Published:Thursday | January 9, 2020 | 12:42 AMPaul Clarke/Gleaner Writer
Kevin Brown
Kevin Brown

Brother of murdered People’s National Party activist Kevin Brown said that while his younger sibling was quite popular in political circles, his super-secretive lifestyle may have come back to harm him.

“I knew him as a very kind, quiet individual, too secretive, though, and that is probably the reason why he never came and talked to us about things he was undertaking,” Mark Brown told The Gleaner yesterday.

“The things he did, whether at work or with the party, were kept to himself. He was always like that, and this is the result,” said Mark Brown.

The younger Brown, a member of the PNP affiliate youth arm, the Patriots, and justice of the peace, was killed along Chesterfield Drive in St Andrew on December 11, 2019. He was 44.

The St Andrew South police believe that Brown, at the time of death, was involved in a passport and visa racket.

50 Passports found

In a newscast carried yesterday by RJR News, Superintendent Wayne Cameron, head of the St Andrew South police, said that 50 passports were found in Brown’s possession.

According to Cameron, statements have already been collected from two persons whose passports were found among the 50.

The divisional police chief, however, said that the circumstances that led to Brown’s death remain unclear.

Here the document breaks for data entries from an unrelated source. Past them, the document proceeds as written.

lemma mt_face_eq_mt_face_0:
  assumes "1 \<le> k" "i \<le> k"
  shows "mt_face (top_of_set S) k i = mt_face (top_of_set S) k 0"
proof -
  have "{\<sigma> \<in> mt_simplices k (top_of_set S). singular_face k i \<sigma> \<in> A} =
        {\<sigma> \<in> mt_simplices k (top_of_set S). singular_face k 0 \<sigma> \<in> A}" for A
    using singular_face_mt_simplex[OF _ assms] singular_face_mt_simplex[OF _ assms(1), of _ 0]
    by auto
  then show ?thesis
    by (simp add: mt_face_def fun_eq_iff)
qed

text \<open>All faces of a constant simplex coincide, so the boundary is the 0-th face times
  the alternating sum of signs.\<close>
lemma mt_boundary_eq:
  assumes "1 \<le> k"
  shows "mt_boundary (top_of_set S) k \<mu> = (if even k then mt_face (top_of_set S) k 0 \<mu> else (\<lambda>A. 0))"
proof -
  have "(\<Sum>i\<le>k. (-1) ^ i * mt_face (top_of_set S) k i \<mu> A) =
        (\<Sum>i\<le>k. (-1::real) ^ i * mt_face (top_of_set S) k 0 \<mu> A)" for A
  proof (rule sum.cong[OF refl])
    fix i assume "i \<in> {..k}"
    then have "mt_face (top_of_set S) k i = mt_face (top_of_set S) k 0"
      using mt_face_eq_mt_face_0[OF assms, of i] by simp
    then show "(-1) ^ i * mt_face (top_of_set S) k i \<mu> A = (-1) ^ i * mt_face (top_of_set S) k 0 \<mu> A"
      by simp
  qed
  then have "(\<Sum>i\<le>k. (-1) ^ i * mt_face (top_of_set S) k i \<mu> A) =
        (\<Sum>i\<le>k. (-1::real) ^ i) * mt_face (top_of_set S) k 0 \<mu> A" for A
    by (simp add: sum_distrib_right)
  then show ?thesis
    using assms by (simp add: mt_boundary_def sum_neg_one_power_atMost fun_eq_iff)
qed

lemma mt_face_in_mt_chains:
  assumes "\<mu> \<in> mt_chains (top_of_set S) (Suc n)"
  shows "mt_face (top_of_set S) (Suc n) 0 \<mu> \<in> mt_chains (top_of_set S) n"
  using finite_signed_borel_measure_image[of _ \<mu>, OF _ borel_sets_eq[of "Suc n", folded topspace_compact_open_top],
      of "compact_open_top n (top_of_set S)" "singular_face (Suc n) 0", unfolded topspace_compact_open_top]
    assms
  by (simp add: mt_chains_eq mt_face_def topspace_compact_open_top)

lemma const_lift_in_mt_chains:
  assumes "z \<in> mt_chains (top_of_set S) n"
  shows "const_lift (top_of_set S) n z \<in> mt_chains (top_of_set S) (Suc n)"
  using finite_signed_borel_measure_image[of _ z, OF _ borel_sets_eq[of n, folded topspace_compact_open_top],
      of "compact_open_top (Suc n) (top_of_set S)" "\<lambda>\<tau>. const_simplex (Suc n) (simplicial_vertex 0 \<tau>)",
      unfolded topspace_compact_open_top]
    assms
  by (simp add: mt_chains_eq const_lift_def topspace_compact_open_top)
lemma funpow_t_before_ret: "0 < i \<Longrightarrow> i < ret \<sigma> \<tau> j \<Longrightarrow> (t ^^ i) j \<in> psupp \<tau>"
  using not_less_Least[of i "\<lambda>r. 1 \<le> r \<and> (t ^^ r) j \<notin> psupp \<tau>"] by (simp add: ret_def)

lemma funpow_p_before_ret: "i < ret \<sigma> \<tau> j \<Longrightarrow> (p ^^ i) j = (t ^^ i) j"
  by (rule funpow_eq_while_in[where B = "psupp \<tau>"])
    (auto simp: t_in_psupp_iff p_eq_t simp del: o_apply intro: funpow_t_before_ret)

lemma funpow_p_ret:
  assumes "j \<notin> psupp \<tau>"
  shows "(p ^^ ret \<sigma> \<tau> j) j = \<pi>' ((t ^^ ret \<sigma> \<tau> j) j)"
proof -
  obtain k where k: "ret \<sigma> \<tau> j = Suc k" using ret_pos[OF assms] by (cases "ret \<sigma> \<tau> j") auto
  have "\<sigma> ((t ^^ k) j) \<notin> psupp \<tau>"
    using funpow_t_ret_notin[OF assms] k by (simp add: \<tau>_in_psupp_iff)
  have "(p ^^ Suc k) j = p ((t ^^ k) j)"
    using funpow_p_before_ret[of k j] k by (simp only: funpow.simps comp_apply)
  also have "\<dots> = \<pi>' ((t ^^ Suc k) j)"
    using p_eq_\<pi>'_t[OF \<open>\<sigma> ((t ^^ k) j) \<notin> psupp \<tau>\<close>] by (simp only: funpow.simps comp_apply)
  finally show ?thesis using k by simp
qed

lemma pominus_funpow_ret: "pominus \<sigma> \<tau> j = (t ^^ ret \<sigma> \<tau> j) j" if "j \<notin> psupp \<tau>"
  using that by (simp add: pominus_def)

sublocale first_return p "\<pi>' \<circ> pominus \<sigma> \<tau>" S' "ret \<sigma> \<tau>"
proof
  show "permutation p"
    using p_permutes finite_S by (auto simp: permutation_permutes)
  fix j assume j: "j \<in> S'"
  then show "0 < ret \<sigma> \<tau> j" by (simp add: ret_pos)
  show "(p ^^ ret \<sigma> \<tau> j) j = (\<pi>' \<circ> pominus \<sigma> \<tau>) j"
    using j by (simp add: funpow_p_ret pominus_funpow_ret)
  have "(t ^^ ret \<sigma> \<tau> j) j \<in> S'"
    using j funpow_t_ret_notin permutes_in_funpow_image[OF t_permutes] by simp
  then show "(\<pi>' \<circ> pominus \<sigma> \<tau>) j \<in> S'"
    using j permutes_in_image[OF \<pi>'_permutes] by (simp add: pominus_funpow_ret)
  fix i assume "0 < i" "i < ret \<sigma> \<tau> j"
  then show "(p ^^ i) j \<notin> S'"
    using funpow_p_before_ret funpow_t_before_ret by simp
qed

lemma reduction_eq_excursion_prod:
  "reduction S \<sigma> \<tau> Z j = mat (if j = Min S' then lam S \<sigma> \<tau> Z else 1) ** excursion_prod Z j"
proof -
  have "map (\<lambda>i. Z ((t ^^ i) j)) [0..<ret \<sigma> \<tau> j] = map Z (orbit_word p j (ret \<sigma> \<tau> j))"
    by (simp add: orbit_word_def funpow_p_before_ret)
  then show ?thesis
    by (simp add: reduction_def excursion_prod_def if_distrib[of mat] del: o_apply)
qed

lemma funpow_p_eq_t_if_cyc_of_in_psupp:
  assumes "cyc_of p x \<subseteq> psupp \<tau> \<or> cyc_of t x \<subseteq> psupp \<tau>"
  shows "(p ^^ i) x = (t ^^ i) x"
  using assms
proof
  assume "cyc_of p x \<subseteq> psupp \<tau>"
  then show ?thesis
    by (intro funpow_eq_while_in[where B = "psupp \<tau>", symmetric])
      (auto simp: p_in_psupp_iff p_eq_t simp del: o_apply intro: subsetD[OF _ funpow_in_cyc_of])
next
  assume "cyc_of t x \<subseteq> psupp \<tau>"
  then show ?thesis
    by (intro funpow_eq_while_in[where B = "psupp \<tau>"])
      (auto simp: t_in_psupp_iff p_eq_t simp del: o_apply intro: subsetD[OF _ funpow_in_cyc_of])
qed

lemma cyc_tr_p_eq_t:
  assumes "C \<in> Cyc t S" "C \<subseteq> psupp \<tau>"
  shows "cyc_tr p Z C = cyc_tr t Z C"
proof -
  obtain x where "x \<in> S" "C = cyc_of t x" using assms(1) by (auto simp: Cyc_def)
  have "Min C \<in> C"
    using \<open>C = cyc_of t x\<close> self_in_cyc_of cyc_of_subset_invariant[of S t x] \<open>x \<in> S\<close> finite_S
      permutes_in_image[OF t_permutes]
    by (metis Min_in empty_iff finite_subset)
  then have "cyc_of t (Min C) \<subseteq> psupp \<tau>"
    using cyc_of_subset assms(2) \<open>C = cyc_of t x\<close> by blast
  then show ?thesis
    by (simp add: cyc_tr_def cyc_word_def funpow_p_eq_t_if_cyc_of_in_psupp del: o_apply)
qed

“Hearing the kind of news that points to some untoward activity that my brother perpetrated is distasteful, and there has to be a sense of deep disappointment, but I am no judge or jury of anybody’s misconduct.

“If it is true, then all I can say is that he did what he thought he should, which was illegal, and therefore, sometimes things catch up on us. I think it was probably one of the reasons that led to his life being taken,” said Brown.

The elder brother told The Gleaner that he had been unaware of allegations of racketeering by his brother before his death.

“I will never justify his actions, even now he was killed, nor would I condone it in any way, but people are people, and he was my brother. All the family can do is to love him and honour his memory,” said Brown.